Aspirin's Cancer-Fighting Power Discovered by UK Scientists?

According to a series of studies published Wednesday by "The Lancet," a United Kingdom medical journal, the key to preventing cancer could be sitting in everyone's medicine cabinent, resting between the band-aides and cough syrup. The studies concluded that a daily dose of Aspirin could help prevent cancer. While many take aspirin daily for the prevention heart disease, it appears there may be another life-saving use for that small white pill that is so common in most households.

After five years, trial subjects who had been taking aspirin daily had reduced their risk of cancers like colon cancer, lung cancer, and prostate cancer by 35 percent, the studies found.
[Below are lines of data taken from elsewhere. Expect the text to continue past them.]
lemma (in product_prob_space)
  fixes f :: "'i \<Rightarrow> 'a \<Rightarrow> real"
  assumes I: "finite I" and K: "K \<subseteq> I" and f: "\<And>k. k \<in> K \<Longrightarrow> integrable (M k) (f k)"
  shows integrable_PiM_prod_subset: "integrable (Pi\<^sub>M I M) (\<lambda>x. \<Prod>k\<in>K. f k (x k))"
    and integral_PiM_prod_subset: "(\<integral>x. (\<Prod>k\<in>K. f k (x k)) \<partial>Pi\<^sub>M I M) = (\<Prod>k\<in>K. integral\<^sup>L (M k) (f k))"
proof -
  define g where "g k = (if k \<in> K then f k else (\<lambda>_. 1))" for k
  have g: "integrable (M k) (g k)" if "k \<in> I" for k
    using f by (simp add: g_def)
  have prod_g: "(\<Prod>k\<in>I. g k (x k)) = (\<Prod>k\<in>K. f k (x k))" for x
    by (subst prod.mono_neutral_right[OF I K]) (simp_all add: g_def)
  have "(\<Prod>k\<in>I. integral\<^sup>L (M k) (g k)) = (\<Prod>k\<in>K. integral\<^sup>L (M k) (f k))"
    by (subst prod.mono_neutral_right[OF I K]) (simp_all add: g_def M.prob_space)
  then show "(\<integral>x. (\<Prod>k\<in>K. f k (x k)) \<partial>Pi\<^sub>M I M) = (\<Prod>k\<in>K. integral\<^sup>L (M k) (f k))"
    using product_integral_prod[OF I g] by (simp add: prod_g)
  show "integrable (Pi\<^sub>M I M) (\<lambda>x. \<Prod>k\<in>K. f k (x k))"
    using product_integrable_prod[OF I g] by (simp add: prod_g)
qed

lemma
  fixes f :: "'a \<Rightarrow> real"
  assumes M: "prob_space M" and I: "finite I" "i \<in> I" and f: "integrable M f"
  shows integrable_PiM_coordinate: "integrable (\<Pi>\<^sub>M k\<in>I. M) (\<lambda>x. f (x i))"
    and integral_PiM_coordinate: "(\<integral>x. f (x i) \<partial>(\<Pi>\<^sub>M k\<in>I. M)) = integral\<^sup>L M f"
proof -
  interpret product_prob_space "\<lambda>_. M" I
    using M by (simp add: product_prob_space_def product_prob_space_axioms_def
        product_sigma_finite_def prob_space_imp_sigma_finite)
  show "integrable (\<Pi>\<^sub>M k\<in>I. M) (\<lambda>x. f (x i))"
    using integrable_PiM_prod_subset[OF I(1), of "{i}" "\<lambda>_. f"] I f by simp
  show "(\<integral>x. f (x i) \<partial>(\<Pi>\<^sub>M k\<in>I. M)) = integral\<^sup>L M f"
    using integral_PiM_prod_subset[OF I(1), of "{i}" "\<lambda>_. f"] I f by simp
qed
(* Let $T$ be a subordinator with Laplace exponent $\phi(\lambda)=b\lambda+\int_{(0,\infty)}(1-e^{-\lambda s})\mu(ds)$, where $b\ge0$ and $\mu$ is the Lévy measure. Assume that $H(\lambda)=\phi(\lambda)-\lambda\phi'(\lambda)$ varies regularly at $0$ (at $\infty$, respectively) with index $\gamma\in[0,1]$. Then \[ \mu(r,\infty)\sim\frac{1}{\Gamma(2-\gamma)}H(r^{-1}),\qquad r\to\infty\ (r\to0,\text{ resp.}). \]
   Context: A subordinator is a non-decreasing Lévy process; $\mathbb{E}e^{-\lambda T_t}=e^{-t\phi(\lambda)}$. The Lévy measure $\mu$ is a measure on $(0,\infty)$ with $\int(1\wedge s)\mu(ds)<\infty$. A function $\ell:(0,\infty)\to(0,\infty)$ varies regularly at $\infty$ (at $0$) with index $\alpha$ if $\ell(\lambda s)/\ell(s)\to\lambda^\alpha$ as $s\to\infty$ ($s\to0$) for every $\lambda>0$. $f(r)\sim g(r)$ means $f(r)/g(r)\to1$. *)

theory Defs
  imports "HOL-Analysis.Analysis" "HOL-Library.Landau_Symbols"
begin

definition levy_measure :: "real measure \<Rightarrow> bool" where
  "levy_measure mu \<longleftrightarrow> sets mu = sets borel \<and> emeasure mu {..0} = 0 \<and>
     (\<integral>\<^sup>+ s. ennreal (min 1 s) \<partial>mu) < \<infinity>"

definition laplace_exponent :: "real \<Rightarrow> real measure \<Rightarrow> real \<Rightarrow> real" where
  "laplace_exponent b mu lam = b * lam + (\<integral> s. (1 - exp (- lam * s)) \<partial>mu)"

definition regvar_at_top :: "(real \<Rightarrow> real) \<Rightarrow> real \<Rightarrow> bool" where
  "regvar_at_top l a \<longleftrightarrow> (\<forall>s>0. l s > 0) \<and>
     (\<forall>c>0. ((\<lambda>s. l (c * s) / l s) \<longlongrightarrow> c powr a) at_top)"

definition regvar_at_0 :: "(real \<Rightarrow> real) \<Rightarrow> real \<Rightarrow> bool" where
  "regvar_at_0 l a \<longleftrightarrow> (\<forall>s>0. l s > 0) \<and>
     (\<forall>c>0. ((\<lambda>s. l (c * s) / l s) \<longlongrightarrow> c powr a) (at_right 0))"

end

theory Submission
  imports Defs
begin

text \<open>Differentiating under the integral sign gives \<open>H \<lambda> = \<integral> \<kappa> (\<lambda> s) \<mu>(ds)\<close> with
  \<open>\<kappa> x = 1 - exp (- x) - x exp (- x) = \<integral>\<^sub>0\<^sup>x u exp (- u) du\<close>, and Fubini turns this into
  \<open>H (a / r) = \<integral> \<mu>(r u, \<infinity>) a\<^sup>2 u exp (- a u) du\<close>. Hence the antitone functions
  \<open>G r u = \<mu>(r u, \<infinity>) / H (1 / r)\<close> have Laplace transforms against \<open>u du\<close> equal to
  \<open>H (l / r) / (l\<^sup>2 H (1 / r))\<close>, which by regular variation tend to \<open>l powr (\<gamma> - 2)\<close>, the
  transform of \<open>u powr (- \<gamma>) / \<Gamma>(2 - \<gamma>)\<close>. A Tauberian argument for monotone densities
  (Weierstrass approximation in the variable \<open>exp (- u)\<close>, then squeezing \<open>G r\<close> between tent
  averages around \<open>u = 1\<close>) then shows that \<open>G r 1\<close> tends to \<open>1 / \<Gamma>(2 - \<gamma>)\<close>.\<close>

section \<open>Differentiation under the integral sign\<close>

lemma has_real_derivative_integral:
  fixes f f' :: "real \<Rightarrow> 'a \<Rightarrow> real" and w :: "'a \<Rightarrow> real"
  assumes x: "x \<in> {a<..<b}"
    and der: "AE s in M. \<forall>t\<in>{a<..<b}. ((\<lambda>t. f t s) has_real_derivative f' t s) (at t)"
    and bnd: "AE s in M. \<forall>t\<in>{a<..<b}. \<bar>f' t s\<bar> \<le> w s"
    and w: "integrable M w"
    and f: "\<And>t. t \<in> {a<..<b} \<Longrightarrow> integrable M (f t)"
    and f': "f' x \<in> borel_measurable M"
  shows "((\<lambda>t. \<integral>s. f t s \<partial>M) has_real_derivative (\<integral>s. f' x s \<partial>M)) (at x)"
proof -
  have "(\<lambda>n. ((\<integral>s. f (X n) s \<partial>M) - (\<integral>s. f x s \<partial>M)) / (X n - x)) \<longlonglongrightarrow> (\<integral>s. f' x s \<partial>M)"
    if X: "\<forall>n. X n \<in> UNIV - {x}" "X \<longlonglongrightarrow> x" for X
  proof -
    have "eventually (\<lambda>n. X n \<in> {a<..<b}) sequentially"
      using X(2) x by (intro topological_tendstoD) auto
    then obtain N where N: "\<And>n. n \<ge> N \<Longrightarrow> X n \<in> {a<..<b}"
      by (auto simp: eventually_sequentially)
    define q where "q n s = (f (X (n + N)) s - f x s) / (X (n + N) - x)" for n s
    have XN: "X (n + N) \<in> {a<..<b}" "X (n + N) \<noteq> x" for n
      using N[of "n + N"] X(1) by auto
    have "(\<lambda>n. \<integral>s. q n s \<partial>M) \<longlonglongrightarrow> (\<integral>s. f' x s \<partial>M)"
    proof (rule integral_dominated_convergence[OF f' _ w])
      show "q n \<in> borel_measurable M" for n
        unfolding q_def using f[OF XN(1)] f[OF x]
        by (intro borel_measurable_divide borel_measurable_diff borel_measurable_integrable) auto
      show "AE s in M. (\<lambda>n. q n s) \<longlonglongrightarrow> f' x s"
        using der
      proof eventually_elim
        case (elim s)
        then have "((\<lambda>y. (f y s - f x s) / (y - x)) \<longlongrightarrow> f' x s) (at x)"
          using x by (simp add: has_field_derivative_iff)
        moreover have "(\<lambda>n. X (n + N)) \<longlonglongrightarrow> x"
          using X(2) by (rule LIMSEQ_ignore_initial_segment)
        ultimately show ?case
          unfolding q_def tendsto_at_iff_sequentially comp_def using XN(2)
          by (metis Diff_iff UNIV_I singletonD)
      qed
      show "AE s in M. norm (q n s) \<le> w s" for n
        using der bnd
      proof eventually_elim
        case (elim s)
        have "norm (f (X (n + N)) s - f x s) \<le> w s * norm (X (n + N) - x)"
          by (rule field_differentiable_bound[of "{a<..<b}"])
             (use elim XN x in \<open>auto intro: has_field_derivative_at_within\<close>)
        then show ?case
          using XN(2) by (simp add: q_def divide_le_eq)
      qed
    qed
    then have "(\<lambda>n. ((\<integral>s. f (X (n + N)) s \<partial>M) - (\<integral>s. f x s \<partial>M)) / (X (n + N) - x))
        \<longlonglongrightarrow> (\<integral>s. f' x s \<partial>M)"
      unfolding q_def using f[OF XN(1)] f[OF x] by simp
    then show ?thesis by (rule LIMSEQ_offset)
  qed
  then show ?thesis
    unfolding has_field_derivative_iff tendsto_at_iff_sequentially comp_def by blast
qed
However, the Aspirin did not reduce the risk of all cancers, for example, blood cancer risk was not decreased with aspirin consumption.

The studies were conducted by Peter Rothwell and fellow researchers of the University of Oxford and John Radcliffe Hospital. They concluded, "These findings provide the first proof in man that aspirin prevents distant cancer metastasis," the Wall Street Journal reports.
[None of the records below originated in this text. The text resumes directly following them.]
(* Let $a>0$ and let $f:[0,\infty)\to[0,\infty)$ be defined by $f(x)=7x$ for $0\le x\le a$, $f(x)=8a-x$ for $a\le x\le 8a$, and $f(x)=0$ for $x\ge 8a$. Consider the problem of choosing a (possibly infinite) subset $U\subseteq(0,8a)$ maximizing $\sum_{x\in U}f(x)$ subject to the constraint that for all $x,y\in U$, $x<y$ implies $2x\le y$. Then the supremum (optimal value) of this problem is exactly $24a$ (and it is attained, e.g. by $U=\{4a/2^i : i\in\mathbb{N}\cup\{0\}\}$). *)

theory Defs
  imports "HOL-Analysis.Analysis"
begin

text \<open>The piecewise-linear function f on [0,\<infinity>) with parameter a.
  (Its values for x < 0 are irrelevant since admissible sets lie in (0,8a).)\<close>
definition f_tent :: "real \<Rightarrow> real \<Rightarrow> real" where
  "f_tent a x = (if x \<le> a then 7 * x else if x \<le> 8 * a then 8 * a - x else 0)"

definition admissible :: "real \<Rightarrow> real set \<Rightarrow> bool" where
  "admissible a U \<longleftrightarrow> U \<subseteq> {0<..<8 * a} \<and> (\<forall>x\<in>U. \<forall>y\<in>U. x < y \<longrightarrow> 2 * x \<le> y)"

text \<open>Objective: the (possibly infinite) sum of f over U, taken in ennreal so that
  every family of nonnegative terms has a well-defined sum (possibly \<infinity>).\<close>
definition objective :: "real \<Rightarrow> real set \<Rightarrow> ennreal" where
  "objective a U = (\<Sum>\<^sub>\<infinity>x\<in>U. ennreal (f_tent a x))"

end

theory Submission
  imports Defs
begin

text \<open>Upper bound by a potential: if \<open>\<Phi>(t)\<close> dominates the f-sums over admissible finite
  subsets of \<open>(0,t]\<close>, then removing the largest element m leaves a subset of \<open>(0,m/2]\<close>,
  so it suffices that \<open>f(m) + \<Phi>(m/2) \<le> \<Phi>(m)\<close>. For the tent function the optimal
  halving chains give such a \<open>\<Phi>\<close> with \<open>\<Phi>(8a) = 24a\<close>. The bound is attained by the chain
  \<open>4a, 2a, a, a/2, \<dots>\<close>, worth \<open>4a + 6a + 7a (1 + 1/2 + \<dots>) = 24a\<close>.\<close>

lemma sum_le_potential_if_doubling:
  fixes g \<Phi> :: "real \<Rightarrow> real"
  assumes step: "\<And>m. 0 < m \<Longrightarrow> g m + \<Phi> (m / 2) \<le> \<Phi> m"
    and mono: "\<And>s t. 0 < s \<Longrightarrow> s \<le> t \<Longrightarrow> \<Phi> s \<le> \<Phi> t"
    and nonneg: "\<And>t. 0 \<le> t \<Longrightarrow> 0 \<le> \<Phi> t"
    and "finite F" "F \<subseteq> {0<..t}" "0 \<le> t"
    and doubling: "\<And>x y. x \<in> F \<Longrightarrow> y \<in> F \<Longrightarrow> x < y \<Longrightarrow> 2 * x \<le> y"
  shows "sum g F \<le> \<Phi> t"
  using assms(4-7)
proof (induction F arbitrary: t rule: finite_psubset_induct)
  case (psubset F)
  show ?case
  proof (cases "F = {}")
    case True
    then show ?thesis using nonneg psubset.prems(2) by simp
  next
    case False
    define m where "m = Max F"
    have "m \<in> F" using False psubset.hyps by (simp add: m_def)
    then have m: "m \<in> F" "0 < m" "m \<le> t" using psubset.prems(1) by auto
    have below: "F - {m} \<subseteq> {0<..m / 2}"
    proof
      fix x assume x: "x \<in> F - {m}"
      then have "x < m" using psubset.hyps by (auto simp: m_def less_le)
      then show "x \<in> {0<..m / 2}" using x psubset.prems(1) psubset.prems(3)[of x m] m by auto
    qed
    have "sum g F = g m + sum g (F - {m})"
      using m psubset.hyps by (simp add: sum.remove)
    also have "\<dots> \<le> g m + \<Phi> (m / 2)"
      using m below psubset.prems(3) by (intro add_left_mono psubset.IH) auto
    also have "\<dots> \<le> \<Phi> t"
      using step[of m] mono[of m t] m by linarith
    finally show ?thesis .
  qed
qed

lemma infsum_ennreal_eq_if_sums:
  fixes g :: "nat \<Rightarrow> real"
  assumes "g sums s" "\<And>n. 0 \<le> g n"
  shows "(\<Sum>\<^sub>\<infinity>n. ennreal (g n)) = ennreal s"
proof -
  have "(g has_sum s) UNIV" using assms by (rule sums_nonneg_imp_has_sum)
  then have "ennreal s = (SUP F\<in>{F. finite F}. ennreal (sum g F))"
    using infsum_nonneg_is_SUPREMUM_ennreal[of g UNIV] assms(2) by (auto simp: summable_on_def infsumI)
  also have "\<dots> = (SUP F\<in>{F. finite F}. (\<Sum>n\<in>F. ennreal (g n)))"
    using assms(2) by (simp add: sum_ennreal)
  also have "\<dots> = (\<Sum>\<^sub>\<infinity>n. ennreal (g n))"
    using nonneg_infsum_complete[of UNIV "\<lambda>n. ennreal (g n)"] by simp
  finally show ?thesis by simp
qed

text \<open>The value of the halving chain \<open>t, t/2, t/4, \<dots>\<close> for \<open>t \<le> 4a\<close>, capped at \<open>24a\<close>.\<close>
definition tent_potential :: "real \<Rightarrow> real \<Rightarrow> real" where
  "tent_potential a t =
     (if t \<le> a then 14 * t else if t \<le> 2 * a then 8 * a + 6 * t
      else if t \<le> 4 * a then 16 * a + 2 * t else 24 * a)"

lemma tent_potential_step:
  "0 < a \<Longrightarrow> 0 < m \<Longrightarrow> f_tent a m + tent_potential a (m / 2) \<le> tent_potential a m"
  unfolding tent_potential_def f_tent_def by (auto split: if_splits)

lemma tent_potential_mono: "0 < a \<Longrightarrow> s \<le> t \<Longrightarrow> tent_potential a s \<le> tent_potential a t"
  unfolding tent_potential_def by (auto split: if_splits)

lemma tent_potential_nonneg: "0 < a \<Longrightarrow> 0 \<le> t \<Longrightarrow> 0 \<le> tent_potential a t"
  unfolding tent_potential_def by (auto split: if_splits)

lemma tent_potential_le: "0 < a \<Longrightarrow> tent_potential a t \<le> 24 * a"
  unfolding tent_potential_def by (auto split: if_splits)

lemma f_tent_nonneg: "0 < a \<Longrightarrow> 0 < x \<Longrightarrow> 0 \<le> f_tent a x"
  unfolding f_tent_def by auto

lemma objective_le_if_admissible:
  assumes "0 < a" "admissible a U"
  shows "objective a U \<le> ennreal (24 * a)"
  unfolding objective_def
proof (rule infsum_le_finite_sums)
  show "(\<lambda>x. ennreal (f_tent a x)) summable_on U"
    by (rule nonneg_summable_on_complete) simp
next
  fix F assume F: "finite F" "F \<subseteq> U"
  then have F_in: "F \<subseteq> {0<..8 * a}" "\<And>x y. x \<in> F \<Longrightarrow> y \<in> F \<Longrightarrow> x < y \<Longrightarrow> 2 * x \<le> y"
    using assms(2) by (auto simp: admissible_def)
  have "sum (f_tent a) F \<le> tent_potential a (8 * a)"
    using assms(1) F(1) F_in
    by (intro sum_le_potential_if_doubling tent_potential_step tent_potential_mono
        tent_potential_nonneg) auto
  also have "\<dots> \<le> 24 * a" using assms(1) by (rule tent_potential_le)
  finally have "ennreal (sum (f_tent a) F) \<le> ennreal (24 * a)" by (rule ennreal_leI)
  then show "(\<Sum>x\<in>F. ennreal (f_tent a x)) \<le> ennreal (24 * a)"
    using F_in(1) assms(1) f_tent_nonneg by (subst sum_ennreal) (auto simp: subset_iff)
qed

lemma admissible_halving_orbit:
  assumes "a > 0"
  shows "admissible a (range (\<lambda>i::nat. 4 * a / 2 ^ i))"
  unfolding admissible_def
proof (intro conjI ballI impI)
  show "range (\<lambda>i::nat. 4 * a / 2 ^ i) \<subseteq> {0<..<8 * a}"
  proof
    fix x assume "x \<in> range (\<lambda>i::nat. 4 * a / 2 ^ i)"
    then obtain i :: nat where x: "x = 4 * a / 2 ^ i" by auto
    have "4 * a / 2 ^ i \<le> 4 * a" using assms by (simp add: divide_le_eq)
    then show "x \<in> {0<..<8 * a}" using x assms by auto
  qed
next
  fix x y assume "x \<in> range (\<lambda>i::nat. 4 * a / 2 ^ i)" "y \<in> range (\<lambda>i::nat. 4 * a / 2 ^ i)" "x < y"
  then obtain i j where x: "x = 4 * a / 2 ^ i" and y: "y = 4 * a / 2 ^ j" and "x < y" by auto
  have "j < i"
  proof (rule ccontr)
    assume "\<not> j < i"
    then have "(2::real) ^ i \<le> 2 ^ j" by simp
    then have "y \<le> x" using assms x y by (simp add: frac_le)
    then show False using \<open>x < y\<close> by simp
  qed
  then have "(2::real) ^ Suc j \<le> 2 ^ i" by (intro power_increasing) auto
  then have "4 * a / 2 ^ i \<le> 4 * a / 2 ^ Suc j" using assms by (intro divide_left_mono) auto
  then show "2 * x \<le> y" using x y by simp
qed

lemma f_tent_halving_orbit_sums:
  assumes "0 < a"
  shows "(\<lambda>i::nat. f_tent a (4 * a / 2 ^ i)) sums (24 * a)"
proof -
  define g :: "nat \<Rightarrow> real" where "g = (\<lambda>i. f_tent a (4 * a / 2 ^ i))"
  have tail: "g (Suc (Suc n)) = 7 * a * (1 / 2) ^ n" for n
  proof -
    have "4 * a / 2 ^ Suc (Suc n) \<le> a" using assms by (simp add: divide_le_eq)
    then show ?thesis by (simp add: g_def f_tent_def power_divide)
  qed
  have "(\<lambda>n. 7 * a * (1 / 2 :: real) ^ n) sums (14 * a)"
    using sums_mult[OF geometric_sums[of "1 / 2 :: real"], of "7 * a"] by simp
  then have "(\<lambda>n. g (Suc (Suc n))) sums (14 * a)"
    by (simp only: tail)
  then have "(\<lambda>n. g (Suc n)) sums (14 * a + g 1)"
    by (subst (asm) sums_Suc_iff) simp
  then have "g sums (14 * a + g 1 + g 0)"
    by (subst (asm) sums_Suc_iff)
  moreover have "g 0 = 4 * a" "g 1 = 6 * a"
    using assms by (simp_all add: g_def f_tent_def)
  ultimately have "g sums (24 * a)" by simp
  then show ?thesis by (simp only: g_def)
qed

lemma objective_halving_orbit:
  assumes "0 < a"
  shows "objective a (range (\<lambda>i::nat. 4 * a / 2 ^ i)) = ennreal (24 * a)"
proof -
  have "inj (\<lambda>i::nat. 4 * a / 2 ^ i)"
    using assms by (auto simp: inj_def divide_cancel_left)
  then have "objective a (range (\<lambda>i::nat. 4 * a / 2 ^ i)) = (\<Sum>\<^sub>\<infinity>i. ennreal (f_tent a (4 * a / 2 ^ i)))"
    unfolding objective_def by (simp add: infsum_reindex comp_def)
  also have "\<dots> = ennreal (24 * a)"
    using assms by (intro infsum_ennreal_eq_if_sums f_tent_halving_orbit_sums f_tent_nonneg) auto
  finally show ?thesis .
qed

theorem mainTheorem9:
  fixes a :: real
  assumes "a > 0"
  shows "(SUP U \<in> {U. admissible a U}. objective a U) = ennreal (24 * a)
         \<and> admissible a (range (\<lambda>i::nat. 4 * a / 2 ^ i))
         \<and> objective a (range (\<lambda>i::nat. 4 * a / 2 ^ i)) = ennreal (24 * a)"
proof (intro conjI antisym)
  show "(SUP U \<in> {U. admissible a U}. objective a U) \<le> ennreal (24 * a)"
    using objective_le_if_admissible[OF assms] by (auto intro: SUP_least)
  show "ennreal (24 * a) \<le> (SUP U \<in> {U. admissible a U}. objective a U)"
    using admissible_halving_orbit[OF assms] objective_halving_orbit[OF assms]
    by (metis SUP_upper mem_Collect_eq)
qed (use admissible_halving_orbit objective_halving_orbit assms in auto)

end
The studies also examined not just cancer prevention, but also how aspirin affected the spread of cancer.

"We have now found that after taking aspirin for three or four years there starts to be a reduction in the number of people with the spread of cancers, so it seems as well as preventing the long-term development of cancers, there is good evidence now that it is preventing the spread of cancers," Rothwell told MSN.

However, doctors and cancer researchers do not recommend that everyone suddenly start gobbling down aspirin with breakfast every morning. Too much aspirin can be hard on the stomach and even cause bleeding or ulcers.

Eric Jacobs of the American Cancer Society recommends talking to a doctor for an individual evaluation before starting to take aspirin daily, MSN reports.